The dotted structure in the micrographs resulting from the phalloidin Alexa 568 marker can be reduced by carrying out morphological opening operations (45) with a flat circular structuring element of radius r. To separate individual cells from the image background, k-means clustering (46) is applied, where k denotes the number of clusters. Instead of performing clustering on the image intensity value, the histogram is used to accelerate this algorithm. After the clustering has been performed, a threshold limit is set by regarding the darkest cluster as background and everything else as foreground. In comparison with competing thresholding methods, this provides a very flexible method, as the number of clusters may vary while a small parameter space is preserved (usually 2 ≤ k < 10). As the MIL builds a tree for each local maximum, the procedure works best on cells with intensity values that decrease from the core to the boundary.

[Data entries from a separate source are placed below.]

lemma monomial_cong:
  assumes "\<And>k. k \<in> {1..n} \<Longrightarrow> \<sigma> k = \<sigma>' k" and "\<And>k. k \<in> {1..n} \<Longrightarrow> c k mod d = c' k mod d"
  shows "monomial d n \<sigma> c = monomial d n \<sigma>' c'"
proof (rule ext, clarify)
  fix k t
  show "monomial d n \<sigma> c (k, t) = monomial d n \<sigma>' c' (k, t)"
  proof (cases "k \<in> {1..n} \<and> t < d")
    case True
    have "(t + c k) mod d = (t + c k mod d) mod d"
      by (simp add: mod_add_right_eq)
    also have "\<dots> = (t + c' k) mod d"
      using assms(2) True by (simp add: mod_add_right_eq)
    finally show ?thesis
      using assms(1) True by (simp add: monomial_def)
  qed (auto simp: monomial_def)
qed

lemma monomial_id_zero [simp]: "monomial d n id (\<lambda>_. 0) = id"
  by (auto simp: monomial_def fun_eq_iff)

lemma monomial_comp:
  assumes "\<tau> permutes {1..n}"
  shows "monomial d n \<sigma> c \<circ> monomial d n \<tau> e = monomial d n (\<sigma> \<circ> \<tau>) (\<lambda>k. e k + c (\<tau> k))"
proof (rule ext, clarify)
  fix k t
  show "(monomial d n \<sigma> c \<circ> monomial d n \<tau> e) (k, t) = monomial d n (\<sigma> \<circ> \<tau>) (\<lambda>k. e k + c (\<tau> k)) (k, t)"
  proof (cases "k \<in> {1..n} \<and> t < d")
    case True
    then have "\<tau> k \<in> {1..n}" and "(t + e k) mod d < d"
      using permutes_in_image [OF assms] by auto
    with True show ?thesis
      by (simp add: monomial_def mod_add_left_eq add.assoc)
  next
    case False
    then have "monomial d n g h (k, t) = (k, t)" for g h
      by (auto simp: monomial_def)
    then show ?thesis by simp
  qed
qed

lemma mat_act_monomial:
  assumes "0 < d" and "\<sigma> permutes {1..n}" and "k \<in> {1..n}"
  shows "mat_act d n (monomial d n \<sigma> c) v (\<sigma> k) = zeta d ^ c k * v k"
proof -
  have "mat_act d n (monomial d n \<sigma> c) v (\<sigma> k) =
      (\<Sum>k'\<in>{1..n}. if k' = k then zeta d ^ (c k mod d) * v k else 0)"
    unfolding mat_act_def
  proof (rule sum.cong [OF refl])
    fix k' assume "k' \<in> {1..n}"
    then show "(if fst (monomial d n \<sigma> c (k', 0)) = \<sigma> k
          then zeta d ^ snd (monomial d n \<sigma> c (k', 0)) * v k' else 0) =
        (if k' = k then zeta d ^ (c k mod d) * v k else 0)"
      using assms permutes_inj [OF assms(2)] by (auto simp: monomial_def inj_eq)
  qed
  also have "\<dots> = zeta d ^ c k * v k"
    using assms by (simp add: zeta_pow_mod)
  finally show ?thesis .
qed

A distance transform is therefore used on the binary image obtained from clustering, yielding an input image for the MIL. The intermediate steps in the improved MIL are illustrated in Figure 4.

Figure 4.

Example of the workflow with the improved maximum-intensity linking (MIL) method. (A) The original image, showing HeLa cells stained with phalloidin Alexa 568. (B) The image after morphological opening with a circular flat structuring element. (C) The method of k-means clustering was used to assign the pixels into k clusters (k = 5). (D) The darkest cluster was assumed to represent the background, using a threshold of τ = 1. (E) A distance transform is applied to transform the image into a more suitable representation for the MIL approach. (F) The final segmentation result achieved with the improved MIL method is shown. The scale bar corresponds to 10 μm (original magnification ×63).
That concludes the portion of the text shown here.